Arlington’s median rental rate again places the county as the fifth highest overall, and most expensive outside California, among the 100 urban areas tracked by Apartment List.
The only localities with higher median rents in the May data were San Francisco ($3,446), Irvine ($3,049), San Jose ($3,011) and Fremont ($2,886).
The lowest median rental rates for May were reported in Toledo ($894), Tucson ($1,030) and Wichita ($1,034).
The median rental cost throughout the Washington metro area for May was $2,161, according to Apartment List.
Nationally, the overall vacancy rate in multifamily housing ticked down slightly to 7.2% in May, the first monthly decline since late 2021. The time to lease a property declined from an average of 34 days in April to 30 days in May, but “remains elevated,” Apartment List analysts said.

Zumper ranks Arlington 7th priciest
Arlington retained its spot as the seventh most expensive urban area in the nation in a new Zumper apartment-rent survey.
With a median one-bedroom rental rate of $2,400, Arlington placed between Miami ($2,590) and Honolulu (2,300) in the survey.
Nationally, the one-bedroom rental cost of $1,519 was up 0.7% month-over-month, while two-bedroom rentals rose 0.4% to $1,903, according to the Zumper survey.
It represents a sign that “the spring thaw is here — leasing season is finally pulling prices up the way it historically has, after two unusually muted years,” Zumper analyst Crystal Chen said.

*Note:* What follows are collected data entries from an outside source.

lemma emeasure_pdist_greaterThan_ge:
  assumes G_mono: "mono_on {0..1} G" and G_cont: "continuous_on {0..1} G" and G1: "G 1 = 1"
    and G_lin: "\<And>x. x \<in> {0..1} \<Longrightarrow> G x \<le> L * x"
    and x: "0 \<le> x" "x \<le> 1"
  shows "ennreal (if y then max 0 (1 - L * x) else 1 - x) \<le> emeasure (pdist G y) {x<..}"
proof (cases y)
  case True
  have "ennreal (max 0 (1 - L * x)) \<le> ennreal (1 - G x)"
    using G_lin[of x] x by (auto simp: ennreal_max_0 intro: ennreal_leI)
  also have "\<dots> \<le> emeasure (alt_dist G) {x<..}"
    by (rule emeasure_alt_dist_greaterThan_ge[OF G_mono G_cont G1 x])
  finally show ?thesis
    using True by (simp add: pdist_def)
next
  case False
  then show ?thesis
    using emeasure_uniform_greaterThan[OF x] by (simp add: pdist_def)
qed

lemma exp_regret_ge_prob_above_worst_case:
  fixes a b :: real
  assumes worst_case: "\<And>p n. (\<forall>s\<in>{1..n}. \<not> rej A p s) \<Longrightarrow> thr A p (n + 1) = lt (n + 1)"
    and "mono_on {0..1} G" and "continuous_on {0..1} G" and "0 \<le> a" and "0 \<le> b"
  shows "ennreal (b * card {t \<in> {1..T}. Y t}) * (\<Prod>t\<in>{1..T}. emeasure (pdist G (Y t)) {lt t<..})
           \<le> exp_regret a b A G Y T"
proof -
  define E where "E = PiE {1..T} (\<lambda>t. {lt t<..})"
  interpret product_sigma_finite "\<lambda>t. pdist G (Y t)"
    using sigma_finite_pdist[OF assms(2,3)] by (simp add: product_sigma_finite_def)
  have E_sets: "E \<in> sets (pspace G Y T)"
    unfolding E_def pspace_def by (rule sets_PiM_I_finite) auto
  have prob_E: "emeasure (pspace G Y T) E = (\<Prod>t\<in>{1..T}. emeasure (pdist G (Y t)) {lt t<..})"
    unfolding pspace_def E_def by (rule emeasure_PiM) auto
  have regret_ge: "ennreal (b * card {t \<in> {1..T}. Y t}) * indicator E p \<le> ennreal (regret a b A Y T p)" for p
  proof (cases "p \<in> E")
    case True
    then have "\<forall>s\<in>{1..T}. \<not> rej A p s"
      using no_rej_above_worst_case[OF worst_case, of T p] by (auto simp: E_def PiE_iff)
    then have "{t \<in> {1..T}. Y t \<and> \<not> rej A p t} = {t \<in> {1..T}. Y t}"
      by auto
    moreover have "0 \<le> a * real (V A Y T p)"
      using \<open>0 \<le> a\<close> by simp
    ultimately have "b * card {t \<in> {1..T}. Y t} \<le> regret a b A Y T p"
      by (simp add: regret_def M_def)
    with True show ?thesis
      by (simp add: ennreal_leI)
  qed simp
  have "ennreal (b * card {t \<in> {1..T}. Y t}) * emeasure (pspace G Y T) E
      = (\<integral>\<^sup>+ p. ennreal (b * card {t \<in> {1..T}. Y t}) * indicator E p \<partial>pspace G Y T)"
    by (rule nn_integral_cmult_indicator[OF E_sets, symmetric])
  also have "\<dots> \<le> exp_regret a b A G Y T"
    unfolding exp_regret_def by (intro nn_integral_mono regret_ge)
  finally show ?thesis
    by (simp add: prob_E)
qed

lemma prod_emeasure_two_phase_ge:
  assumes lt01: "\<And>t. 1 \<le> t \<Longrightarrow> 0 \<le> lt t \<and> lt t \<le> 1"
    and G_mono: "mono_on {0..1} G" and G_cont: "continuous_on {0..1} G" and G1: "G 1 = 1"
    and G_lin: "\<And>x. x \<in> {0..1} \<Longrightarrow> G x \<le> L * x"
  shows "ennreal ((\<Prod>t\<in>{1..m}. 1 - lt t) * (\<Prod>t\<in>{m<..2*m}. max 0 (1 - L * lt t)))
           \<le> (\<Prod>t\<in>{1..2*m}. emeasure (pdist G (two_phase (2*m) t)) {lt t<..})"
proof -
  define f where "f t = (if two_phase (2*m) t then max 0 (1 - L * lt t) else 1 - lt t)" for t
  have f_nonneg: "0 \<le> f t" if "t \<in> {1..2*m}" for t
    using lt01[of t] that by (simp add: f_def)
  have "(\<Prod>t\<in>{1..2*m}. f t) = (\<Prod>t\<in>{1..m}. f t) * (\<Prod>t\<in>{m<..2*m}. f t)"
    by (subst prod.union_disjoint[symmetric]) (auto intro: prod.cong)
  moreover have "(\<Prod>t\<in>{1..m}. f t) = (\<Prod>t\<in>{1..m}. 1 - lt t)"
    by (rule prod.cong) (auto simp: f_def two_phase_def)
  moreover have "(\<Prod>t\<in>{m<..2*m}. f t) = (\<Prod>t\<in>{m<..2*m}. max 0 (1 - L * lt t))"
    by (rule prod.cong) (auto simp: f_def two_phase_def)
  ultimately have "(\<Prod>t\<in>{1..m}. 1 - lt t) * (\<Prod>t\<in>{m<..2*m}. max 0 (1 - L * lt t)) = (\<Prod>t\<in>{1..2*m}. f t)"
    by simp
  then have "ennreal ((\<Prod>t\<in>{1..m}. 1 - lt t) * (\<Prod>t\<in>{m<..2*m}. max 0 (1 - L * lt t)))
      = (\<Prod>t\<in>{1..2*m}. ennreal (f t))"
    using f_nonneg by (metis prod_ennreal)
  also have "\<dots> \<le> (\<Prod>t\<in>{1..2*m}. emeasure (pdist G (two_phase (2*m) t)) {lt t<..})"
    using lt01 unfolding f_def
    by (intro prod_mono_ennreal emeasure_pdist_greaterThan_ge[OF G_mono G_cont G1 G_lin]) auto
  finally show ?thesis .
qed

lemma exp_regret_two_phase_ge:
  fixes a b :: real
  assumes worst_case: "\<And>p n. (\<forall>s\<in>{1..n}. \<not> rej A p s) \<Longrightarrow> thr A p (n + 1) = lt (n + 1)"
    and lt01: "\<And>t. 1 \<le> t \<Longrightarrow> 0 \<le> lt t \<and> lt t \<le> 1"
    and G_mono: "mono_on {0..1} G" and G_cont: "continuous_on {0..1} G" and G1: "G 1 = 1"
    and G_lin: "\<And>x. x \<in> {0..1} \<Longrightarrow> G x \<le> L * x"
    and "0 \<le> a" and "0 \<le> b"
    and null: "0 \<le> c" "c \<le> (\<Prod>t\<in>{1..m}. 1 - lt t)"
    and alt: "0 \<le> d" "d \<le> (\<Prod>t\<in>{m<..2*m}. max 0 (1 - L * lt t))"
  shows "ennreal (b * m * (c * d)) \<le> exp_regret a b A G (two_phase (2*m)) (2*m)"
proof -
  have "{t \<in> {1..2*m}. two_phase (2*m) t} = {m<..2*m}"
    by (auto simp: two_phase_def)
  then have card_alt: "card {t \<in> {1..2*m}. two_phase (2*m) t} = m"
    by simp
  have "c * d \<le> (\<Prod>t\<in>{1..m}. 1 - lt t) * (\<Prod>t\<in>{m<..2*m}. max 0 (1 - L * lt t))"
    using null alt by (intro mult_mono) auto
  then have "ennreal (b * m * (c * d))
      \<le> ennreal (b * m * ((\<Prod>t\<in>{1..m}. 1 - lt t) * (\<Prod>t\<in>{m<..2*m}. max 0 (1 - L * lt t))))"
    using \<open>0 \<le> b\<close> by (intro ennreal_leI mult_left_mono) auto
  also have "\<dots> = ennreal (b * m) * ennreal ((\<Prod>t\<in>{1..m}. 1 - lt t) * (\<Prod>t\<in>{m<..2*m}. max 0 (1 - L * lt t)))"
    using \<open>0 \<le> b\<close> null alt by (intro ennreal_mult) (auto intro: mult_nonneg_nonneg order_trans)
  also have "\<dots> \<le> ennreal (b * m) * (\<Prod>t\<in>{1..2*m}. emeasure (pdist G (two_phase (2*m) t)) {lt t<..})"
    by (intro mult_left_mono prod_emeasure_two_phase_ge[OF lt01 G_mono G_cont G1 G_lin]) auto
  also have "\<dots> \<le> exp_regret a b A G (two_phase (2*m)) (2*m)"
    using exp_regret_ge_prob_above_worst_case[OF worst_case G_mono G_cont \<open>0 \<le> a\<close> \<open>0 \<le> b\<close>,
        of "2*m" "two_phase (2*m)", unfolded card_alt] .
  finally show ?thesis .
qed

lemma prod_one_minus_ge_one_minus_suminf:
  fixes x :: "nat \<Rightarrow> real"
  assumes "\<And>k. 0 \<le> x k \<and> x k \<le> 1" and "summable x"
  shows "1 - suminf x \<le> (\<Prod>k<n. 1 - x k)"
proof -
  have "sum x {..<n} \<le> suminf x"
    using assms by (intro sum_le_suminf) auto
  moreover have "1 - sum x {..<n} \<le> (\<Prod>k<n. 1 - x k)"
    using assms by (intro Weierstrass_prod_ineq) auto
  ultimately show ?thesis by linarith
qed

lemma prodinf_max_one_minus_bounds:
  fixes x :: "nat \<Rightarrow> real"
  assumes nonneg: "\<And>k. 0 \<le> x k" and summable: "summable x" and small: "suminf x \<le> 1/2"
  shows "1/2 \<le> (\<Prod>k. max 0 (1 - x k))" and "(\<Prod>k. max 0 (1 - x k)) \<le> (\<Prod>k<n. max 0 (1 - x k))"
proof -
  have "x k \<le> suminf x" for k
    using sum_le_suminf[OF summable, of "{k}"] nonneg by simp
  then have x_le: "x k \<le> 1/2" for k
    using small order_trans by blast
  have max_eq: "max 0 (1 - x k) = 1 - x k" for k
    using x_le[of k] by (simp add: max_absorb2)
  have "- x k \<noteq> -1" for k
    using x_le[of k] by simp
  with nonneg summable have "convergent_prod (\<lambda>k. 1 + - x k)"
    by (intro summable_imp_convergent_prod_real) auto
  then have has_prod: "(\<lambda>k. 1 - x k) has_prod (\<Prod>k. 1 - x k)"
    by (simp add: convergent_prod_has_prod)
  have x_le_1: "x k \<le> 1" for k
    using x_le[of k] by simp
  then have partial: "1/2 \<le> (\<Prod>k<n. 1 - x k)" for n
    using prod_one_minus_ge_one_minus_suminf[of x n] nonneg summable small by force
  have "1/2 \<le> (\<Prod>k. 1 - x k)"
    by (rule LIMSEQ_le_const[OF has_prod_imp_tendsto'[OF has_prod]]) (use partial in blast)
  moreover have "(\<Prod>k. 1 - x k) \<le> (\<Prod>k<n. 1 - x k)"
    using nonneg x_le_1 by (intro prod_ge_prodinf[OF has_prod]) auto
  ultimately show "1/2 \<le> (\<Prod>k. max 0 (1 - x k))" and "(\<Prod>k. max 0 (1 - x k)) \<le> (\<Prod>k<n. max 0 (1 - x k))"
    by (simp_all add: max_eq)
qed

lemma eventually_tail_prodinf_bounds:
  fixes lt :: "nat \<Rightarrow> real"
  assumes lt_nonneg: "\<And>t. 1 \<le> t \<Longrightarrow> 0 \<le> lt t" and "summable (\<lambda>t. lt (Suc t))" and "0 \<le> L"
  obtains N where "\<And>m. N \<le> m \<Longrightarrow> 1/2 \<le> (\<Prod>k. max 0 (1 - L * lt (k + m + 1)))"
    and "\<And>m. N \<le> m \<Longrightarrow> (\<Prod>k. max 0 (1 - L * lt (k + m + 1))) \<le> (\<Prod>t\<in>{m<..2*m}. max 0 (1 - L * lt t))"
proof -
  have summable_L: "summable (\<lambda>t. L * lt (Suc t))"
    using assms(2) by (rule summable_mult)
  then obtain N where N: "\<forall>m\<ge>N. norm (\<Sum>k. L * lt (Suc (k + m))) < 1/2"
    using suminf_exist_split[of "1/2" "\<lambda>t. L * lt (Suc t)"] by auto
  have tail: "(\<Sum>k. L * lt (k + m + 1)) \<le> 1/2" if "N \<le> m" for m
    using N that abs_ge_self[of "\<Sum>k. L * lt (Suc (k + m))"] by fastforce
  have tail_summable: "summable (\<lambda>k. L * lt (k + m + 1))" for m
    using summable_L summable_iff_shift[of "\<lambda>t. L * lt (Suc t)" m] by simp
  have tail_nonneg: "0 \<le> L * lt (k + m + 1)" for k m
    using lt_nonneg[of "k + m + 1"] \<open>0 \<le> L\<close> by simp
  have reindex: "(\<Prod>t\<in>{m<..2*m}. max 0 (1 - L * lt t)) = (\<Prod>k<m. max 0 (1 - L * lt (k + m + 1)))" for m
    by (rule prod.reindex_bij_witness[of _ "\<lambda>k. k + m + 1" "\<lambda>t. t - m - 1"]) auto
  show ?thesis
  proof (rule that)
    fix m assume "N \<le> m"
    note bounds = prodinf_max_one_minus_bounds[of "\<lambda>k. L * lt (k + m + 1)",
        OF tail_nonneg tail_summable tail[OF \<open>N \<le> m\<close>]]
    show "1/2 \<le> (\<Prod>k. max 0 (1 - L * lt (k + m + 1)))"
      using bounds(1) .
    show "(\<Prod>k. max 0 (1 - L * lt (k + m + 1))) \<le> (\<Prod>t\<in>{m<..2*m}. max 0 (1 - L * lt t))"
      using bounds(2)[of m] by (simp only: reindex)
  qed
qed

theorem theorem2:
  fixes A :: "history \<Rightarrow> real" and lt :: "nat \<Rightarrow> real"
    and G :: "real \<Rightarrow> real" and C L :: real
  assumes A_range: "\<And>h. 0 \<le> A h \<and> A h \<le> 1"
    and worst_case: "\<And>p n. (\<forall>s\<in>{1..n}. \<not> rej A p s) \<Longrightarrow> thr A p (n + 1) = lt (n + 1)"
    and lt_summable: "summable (\<lambda>t. lt (Suc t))"
    and lt_sum: "(\<Sum>t. lt (Suc t)) \<le> C" and C_lt1: "C < 1"
    and G_cont: "continuous_on {0..1} G" and G_strict: "strict_mono_on {0..1} G"
    and G0: "G 0 = 0" and G1: "G 1 = 1"
    and G_lin: "\<And>x. x \<in> {0..1} \<Longrightarrow> G x \<le> L * x" and L_ge1: "L \<ge> 1"
  shows "\<exists>c>0. \<exists>T0. \<forall>T\<ge>T0. even T \<and> T \<ge> 2 \<longrightarrow>
           (1 - C) * (\<Prod>t. max 0 (1 - L * lt (t + T div 2 + 1))) \<ge> c \<and>
           (\<forall>a>0. \<forall>b>0.
              exp_regret a b A G (two_phase T) T \<ge>
              ennreal (b * (real T / 2) *
                ((1 - C) * (\<Prod>t. max 0 (1 - L * lt (t + T div 2 + 1))))))"
proof -
  have lt01: "\<And>t. 1 \<le> t \<Longrightarrow> 0 \<le> lt t \<and> lt t \<le> 1"
    using worst_case_thr_bounds[OF A_range worst_case] by blast
  have G_mono: "mono_on {0..1} G"
    using G_strict by (rule strict_mono_on_imp_mono_on)
  obtain N where tail_lower: "\<And>m. N \<le> m \<Longrightarrow> 1/2 \<le> (\<Prod>k. max 0 (1 - L * lt (k + m + 1)))"
    and tail_upper: "\<And>m. N \<le> m \<Longrightarrow>
      (\<Prod>k. max 0 (1 - L * lt (k + m + 1))) \<le> (\<Prod>t\<in>{m<..2*m}. max 0 (1 - L * lt t))"
    using eventually_tail_prodinf_bounds[of lt L] lt01 lt_summable L_ge1 by auto
  have null: "1 - C \<le> (\<Prod>t\<in>{1..m}. 1 - lt t)" for m
    using prod_one_minus_ge_one_minus_suminf[of "\<lambda>k. lt (Suc k)" m] lt01 lt_summable lt_sum
    by (force simp: prod.atLeast1_atMost_eq)
  have C_pos: "0 < 1 - C"
    using C_lt1 by simp
  have bound: "(1 - C) / 2 \<le> (1 - C) * (\<Prod>t. max 0 (1 - L * lt (t + T div 2 + 1))) \<and>
      (\<forall>a>0. \<forall>b>0. ennreal (b * (real T / 2) * ((1 - C) * (\<Prod>t. max 0 (1 - L * lt (t + T div 2 + 1)))))
         \<le> exp_regret a b A G (two_phase T) T)" if "even T" and "2 * N \<le> T" for T
  proof -
    obtain m where T: "T = 2 * m"
      using \<open>even T\<close> by blast
    with \<open>2 * N \<le> T\<close> have "N \<le> m"
      by simp
    note tail = tail_lower[OF this] tail_upper[OF this]
    have "(1 - C) / 2 \<le> (1 - C) * (\<Prod>k. max 0 (1 - L * lt (k + m + 1)))"
      using mult_left_mono[OF tail(1), of "1 - C"] C_pos by simp
    moreover have "ennreal (b * m * ((1 - C) * (\<Prod>k. max 0 (1 - L * lt (k + m + 1)))))
        \<le> exp_regret a b A G (two_phase (2*m)) (2*m)" if "0 < a" and "0 < b" for a b :: real
      using that C_pos null[of m] tail
      by (intro exp_regret_two_phase_ge[OF worst_case lt01 G_mono G_cont G1 G_lin]) auto
    ultimately show ?thesis
      unfolding T by simp
  qed
  have "0 < (1 - C) / 2"
    using C_pos by simp
  with bound show ?thesis
    by blast
qed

Among highlights from Zumper data reported May 28:
- New York City one-bedroom rent reached an all-time high, climbing 3.1% month-over-month to $4,680, the most expensive one-bedroom figure in Zumper’s decade-plus of data
- San Francisco keeps breaking its own records, with one-bedroom rent crossing $4,000 for the first time in city history and leading the nation in annual rent growth at over 21%
- Nearly every Texas market in the report posted declining annual one-bedroom rent, led by San Antonio at -10.4%
“National averages are masking two very different housing markets right now,” said Shawn Mullahy, CEO of Zumper.
“In supply-constrained coastal cities, pricing power has returned quickly. Across much of the Sun Belt, operators are still working through the inventory wave delivered over the last several years,” Mullaly said. “Demand is there, but supply still needs time to normalize.”

Apartments.com sees ‘subdued’ national market
A third monthly data report released May 28, by Apartments.com, showed the national market in May had its sixth consecutive month of month-over-month growth.
“Still, the broader picture suggests this year’s spring leasing season has been more subdued than is typical, as elevated supply levels continue to weigh on pricing power across much of the country,” Apartments.com analysts said.
National apartment rents rose 0.2% month over month in May to an average of $1,737 in its survey, while annual rent growth held relatively flat at 0.7%.
In the Apartments.com data:
- All five U.S. regions posted monthly rent increases in May, led by the Northeast and Pacific regions at +0.3% month over month
- Annual rent growth remained strongest in the Midwest at +2.0%, while rents declined year over year in the South (-0.8%) and Mountain region (-1.7%)
- San Francisco led major metros in annual rent growth at +8.4%, followed by San Jose at +4.9% and Norfolk at +4.4%
- Supply-heavy markets continued to face pressure, with Austin and San Antonio both posting annual rent declines of -3.3%, followed by Denver at -3.1%
Forty-three of the top 50 U.S. apartment markets recorded monthly rent increases in May, down slightly from 45 markets in April, according to Apartments.com’s data.
Apartments.com is a subsidiary of Arlington-based CoStar Group.